A column in the Financial Times reminds us that data—and the more “big,” the better—are often seen as a sesame key to the door of knowledge. It is even imagined that small data are owned by the person who has chosen to share them on an open platform that belongs to somebody else. (See Benedict Evans, “There Is No Such Thing as ‘Data’,” Financial Times, May 27, 2022):

This is mostly nonsense. There is no such thing as “data”, it isn’t worth anything, and it doesn’t belong to you anyway. … “Data” does not exist—there are merely many sets of data. … Most of the meaning in “your” data is not in you but in all of the interactions with other people.

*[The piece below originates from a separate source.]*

(* Let $\sigma$ be a vocabulary, $\mathcal C$ a class of constraints over a specification $\langle V,D\rangle$ with $D\subseteq\mathbb R$, $\gamma:\sigma_c\to\mathcal C$ a denotation, and $P'$ a CAS program over $\sigma,\mathcal C,\gamma$. Let $P$ be $P'$ extended with a minimize statement $\$minimize\{b_1 x_1+c_1@l_1,\dots,b_n x_n+c_n@l_n\}$ (integers $b_i,c_i$, variables $x_i\in V$, positive integer levels $l_i$, and $x_i\neq x_j$ whenever $i\neq j$ and $l_i=l_j$). Let $S$ be the set of ew-conditions $\{(T,w_l@l),\ (T,0;\vec c_l@l) : l\in\{l_1,\dots,l_n\}\}$, where $T=T_{\sigma,V,D}$, $w_l=\sum_{i:l_i=l}c_i$, and $\vec c_l:V\to\mathbb Z$ maps $x_i$ to $b_i$ for each $i$ with $l_i=l$ and every other variable to $0$. Then for every $(X,\nu)\in\mathit{Int}(\sigma,V,D)$: $(X,\nu)$ is a min-optimal extended model of the ew-system $(P',S)$ (with $P'$ viewed as an e-module of the CAS-logic over $\sigma,\mathcal C,\gamma$) if and only if $(X,\nu)$ is an optimal extended answer set of $P$.
   Context: Standing definitions. A vocabulary is a set of atoms; an interpretation over a vocabulary $\sigma$ is a subset of $\sigma$. For a set $V$ of variables and a set $D$ of values, an evaluation is a function $\nu:V\to D$. An extended interpretation over $\sigma,V,D$ is a pair $(I,\nu)$ with $I\subseteq\sigma$ and $\nu:V\to D$; $\mathit{Int}(\sigma,V,D)$ denotes the set of all of them. For an interpretation $I$ and a vocabulary $\sigma'$, $I_{|\sigma'}=I\cap\sigma'$; for an evaluation $\nu$ defined on a superset of $V'$, $\nu_{|V'}$ is its restriction to $V'$. An extended logic (e-logic) is a tuple $(L,\sigma,\Delta,\Upsilon,\mathit{sem})$ where $L$ is a set (of formulas), $\sigma$ a vocabulary, $\Delta$ a set of values (the domain), $\Upsilon$ a set of variables, and $\mathit{sem}$ assigns to every subset $T\subseteq L$ a set $\mathit{sem}(T)\subseteq\mathit{Int}(\sigma,\Upsilon,\Delta)$. A subset $T\subseteq L$ is called an e-module (theory) of this e-logic; $\sigma_T,\Delta_T,\Upsilon_T,\mathit{sem}_T$ denote the corresponding components of its e-logic. For an extended interpretation $(I,\nu)$ over $\sigma,V,D$ with $\sigma_T\subseteq\sigma$, $\Upsilon_T\subseteq V$, $\Delta_T\subseteq D$: $(I,\nu)$ is an extended model of $T$, written $(I,\nu)\models T$, iff $(I_{|\sigma_T},\nu_{|\Upsilon_T})\in\mathit{sem}_T$; $I$ is a model of $T$ iff $(I,\nu)\models T$ for some such $\nu$. Two e-modules are coherent if their domains are equal whenever their variable sets intersect. An EAMS $\mathcal H$ is a set of pairwise coherent e-modules (possibly of different e-logics); $\sigma_{\mathcal H},\Upsilon_{\mathcal H},\Delta_{\mathcal H}$ are the unions of the vocabularies, variable sets and domains of its modules. An element $(I,\nu)\in\mathit{Int}(\sigma_{\mathcal H},\Upsilon_{\mathcal H},\Delta_{\mathcal H})$ is an extended model of $\mathcal H$ iff it is an extended model of every module of $\mathcal H$; $I$ is a model of $\mathcal H$ iff $(I,\nu)$ is an extended model of $\mathcal H$ for some $\nu$. A single e-module $T$ is identified with the EAMS $\{T\}$. An ew-condition is $B=(T,w;\vec c@l)$ with $T$ an e-module, $w\in\mathbb Z$ (weight), $\vec c:\Upsilon_T\to\mathbb R$ (coefficients function), and $l$ a positive integer (level); $\sigma_B=\sigma_T$, $\Upsilon_B=\Upsilon_T$, $\Delta_B=\Delta_T$. The notation $(T,w@l)$ denotes an ew-condition whose coefficients function is empty or identically $0$. $(I,\nu)\models B$ iff $(I,\nu)\models T$, and $I\models B$ iff $I$ is a model of $T$. Costs: $[(I,\nu)\models B]=\sum_{x\in\Upsilon_B}\nu(x)\vec c(x)$ if $(I,\nu)\models B$ and $0$ otherwise (this is $0$ when $\vec c\equiv0$; otherwise domains are taken to be sets of reals and the sum finite); $[I\models B]=w$ if $I\models B$ and $0$ otherwise. An ew-condition $(T,w;\vec c@l)$ is coherent with an EAMS $\mathcal H$ if $\sigma_T\subseteq\sigma_{\mathcal H}$, $\Upsilon_T\subseteq\Upsilon_{\mathcal H}$, and $\Delta_T=\Delta_H$ for every module $H\in\mathcal H$ with $\Upsilon_T\cap\Upsilon_H\neq\emptyset$. An ew-system is a pair $\mathcal W=(\mathcal H,\mathcal Z)$ with $\mathcal H$ an EAMS and $\mathcal Z$ a finite set of ew-conditions each coherent with $\mathcal H$; $\sigma_{\mathcal W}=\sigma_{\mathcal H}$, $\Upsilon_{\mathcal W}=\Upsilon_{\mathcal H}$, $\Delta_{\mathcal W}=\Delta_{\mathcal H}$, and the (extended) models of $\mathcal W$ are the (extended) models of $\mathcal H$. $\mathcal W_l$ is the set of ew-conditions in $\mathcal Z$ of level $l$; $\mathrm{Lev}(\mathcal W)$ is the set of levels of ew-conditions in $\mathcal Z$; for a non-greatest $l\in\mathrm{Lev}(\mathcal W)$, $l^{+}$ is the least element of $\mathrm{Lev}(\mathcal W)$ greater than $l$. Optimality. For a model $I$ of $\mathcal W$ let $\mathrm{cost}_l(I)=\sum_{B\in\mathcal W_l}[I\models B]$, and for an extended model $(I,\nu)$ let $\mathrm{ecost}_l(I,\nu)=\sum_{B\in\mathcal W_l}([I\models B]+[(I,\nu)\models B])$. Recursively downward over $l\in\mathrm{Lev}(\mathcal W)$: a model $I^*$ of $\mathcal W$ is $l$-optimal if $I^*\in R_l$ and $\mathrm{cost}_l(I^* )\ge\mathrm{cost}_l(I)$ for all $I\in R_l$, where $R_l$ is the set of all models of $\mathcal W$ if $l$ is the greatest level and the set of $l^+$-optimal models otherwise; $l$-min-optimal is defined the same way with $\le$ and with $R_l$ built from $l^+$-min-optimal models. A model is optimal (min-optimal) if it is $l$-optimal ($l$-min-optimal) for every $l\in\mathrm{Lev}(\mathcal W)$. Optimal, min-optimal, $l$-optimal and $l$-min-optimal extended models are defined identically using extended models and $\mathrm{ecost}_l$ in place of models and $\mathrm{cost}_l$. Logic programs. A rule over $\sigma$ has the form $a_0\leftarrow a_1,\dots,a_\ell,not\ a_{\ell+1},\dots,not\ a_m$ with each $a_i\in\sigma$ ($1\le i\le m$) and $a_0\in\sigma$ or $a_0=\bot$ (empty head). A program is a set of rules; $hd(\Pi)$ is the set of non-empty heads. A set $X$ of atoms satisfies the rule if it classically satisfies $a_1\wedge\dots\wedge a_\ell\wedge\neg a_{\ell+1}\wedge\dots\wedge\neg a_m\to a_0$ ($\bot$ being false). The reduct $\Pi^X$ is obtained by deleting every rule for which $X$ does not satisfy $\neg a_{\ell+1}\wedge\dots\wedge\neg a_m$ and replacing each remaining rule by $a_0\leftarrow a_1,\dots,a_\ell$. $X$ is an answer set of $\Pi$ if $X$ is a $\subseteq$-minimal set satisfying all rules of $\Pi^X$. $X$ is an input answer set of $\Pi$ if $X$ is an answer set of $\Pi\cup\{a\leftarrow\ : a\in X\setminus hd(\Pi)\}$. Constraints. A constraint over a specification $\langle V,D\rangle$ is $\langle t,R\rangle$ with $t=(x_1,\dots,x_k)$ a tuple of variables from $V$ and $R\subseteq D^k$; its complement $\overline{\langle t,R\rangle}$ is $\langle t,D^k\setminus R\rangle$; $\nu:V\to D$ satisfies it if $(\nu(x_1),\dots,\nu(x_k))\in R$ and solves a set of constraints if it satisfies each. A class $\mathcal C$ of constraints is a set of constraints over one specification. A vocabulary $\sigma$ is partitioned into regular atoms $\sigma_r$ and constraint atoms $\sigma_c$; a denotation is a function $\gamma:\sigma_c\to\mathcal C$. CAS programs. A CAS program over $\sigma,\mathcal C,\gamma$ is a set of rules over $\sigma$ whose heads are in $\sigma_r$ or are $\bot$. $At(P)$ is the set of atoms occurring in $P$, $At(P)_r=At(P)\cap\sigma_r$, $At(P)_c=At(P)\cap\sigma_c$. A set $X\subseteq At(P)$ is an answer set of $P$ if $X\cap At(P)_r\subseteq hd(P)$, $X$ is an input answer set of $P$, and the CSP $K(X)=\{\gamma(a):a\in X\cap At(P)_c\}\cup\{\overline{\gamma(a)}:a\in At(P)_c\setminus X\}$ has a solution; $(X,\nu)$ is an extended answer set of $P$ if $X$ is an answer set and $\nu:V\to D$ solves $K(X)$. The CAS-logic over $\sigma,\mathcal C,\gamma$ is the e-logic $(L,\sigma,D,V,\mathit{sem})$ with $L$ the set of CAS rules over $\sigma$ and $\mathit{sem}(P)$ the set of extended answer sets of $P$. $T_{\sigma,V,D}$ denotes an e-module (of any e-logic) with vocabulary $\sigma$, variables $V$, domain $D$ and $\mathit{sem}(T_{\sigma,V,D})=\mathit{Int}(\sigma,V,D)$. Minimize statements. The extended answer sets of $P$ ($P'$ plus the minimize statement) are those of $P'$. For an evaluation $\nu$ and level $l$ let $\Sigma^\nu_l=\sum_{i:l_i=l}(b_i\nu(x_i)+c_i)$. An extended answer set $(X',\nu')$ of $P$ dominates an extended answer set $(X,\nu)$ of $P$ if there is $l\in\{l_1,\dots,l_n\}$ such that $\Sigma^\nu_{l'}=\Sigma^{\nu'}_{l'}$ for every $l'\in\{l_1,\dots,l_n\}$ with $l'>l$, and $\Sigma^{\nu'}_l<\Sigma^\nu_l$. An extended answer set of $P$ is optimal if no extended answer set of $P$ dominates it. *)

theory Defs
  imports Complex_Main
begin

But this is not my topic, although it is related. My topic is the false idea that one can induct theory from data without first having a theory, formal or intuitive, explicit or implicit, to indicate which data are relevant. In economics, this idea has been lately associated with Harvard University economist Raj Chetty, who apparently aims to teach microeconomic principles by first looking at the data  (see Don Boudreaux, “How Should Econ 101 Be Thought,” Econlib, January 6, 2020).

That this is not consistent with the scientific way of understanding the physical or social world has been well explained by Karl Popper, the famous philosopher of science, in a series of articles in Economica (“The Poverty of Historicism,” May 1944, August 1944, and May 1945):

I believe that theories are prior to observations as well as to experiments, in the sense that these are significant only in relation to theoretical problems. … Therefore, I do not believe in the “method of generalization”, that is to say, in the view that science begins with observations from which it derives its theories by some process of generalization or induction. (Part 2, p. 134-135)

I believe that the prejudice that we proceed in this way is a kind of optical illusion, and that at no stage of scientific development do we begin without something in the nature of a theory, such as a hypothesis, or a prejudice, or a problem … which in some way guides our observations, and helps us select from the innumerable objects of observation those which may be of interest. (Part 3, p. 79)

The literary literature provides us with a fun example of another sort. In an 1841 letter to his sister, French novelist Gustave Flaubert wrote:

Since you are now studying geometry and trigonometry, I will give you a problem. A ship sails the ocean. It left Boston with a cargo of wool. It grosses 200 tons. It is bound for Le Havre. The mainmast is broken, the cabin boy is on deck, there are 12 passengers aboard, the wind is blowing East-North-East, the clock points to a quarter past three in the afternoon. It is the month of May. How old is the captain?

In the French original:

Puisque tu fais de la géométrie et de la trigonométrie, je vais te donner un problème : Un navire est en mer, il est parti de Boston chargé de coton, il jauge 200 tonneaux. Il fait voile vers le Havre, le grand mât est cassé, il y a un mousse sur le gaillard d’avant, les passagers sont au nombre de douze, le vent souffle N.-E.-E., l’horloge marque 3 heures un quart d’après-midi, on est au mois de mai…. On demande l’âge du capitaine?

If you are looking for what determines a captain’s age or what is determined by it, most data in the universe are irrelevant. Of course, the exercise proposed by Flaubert could have been a mere cryptographic enigma, but solving it would still have shown nothing about induction as a way to derive scientific laws.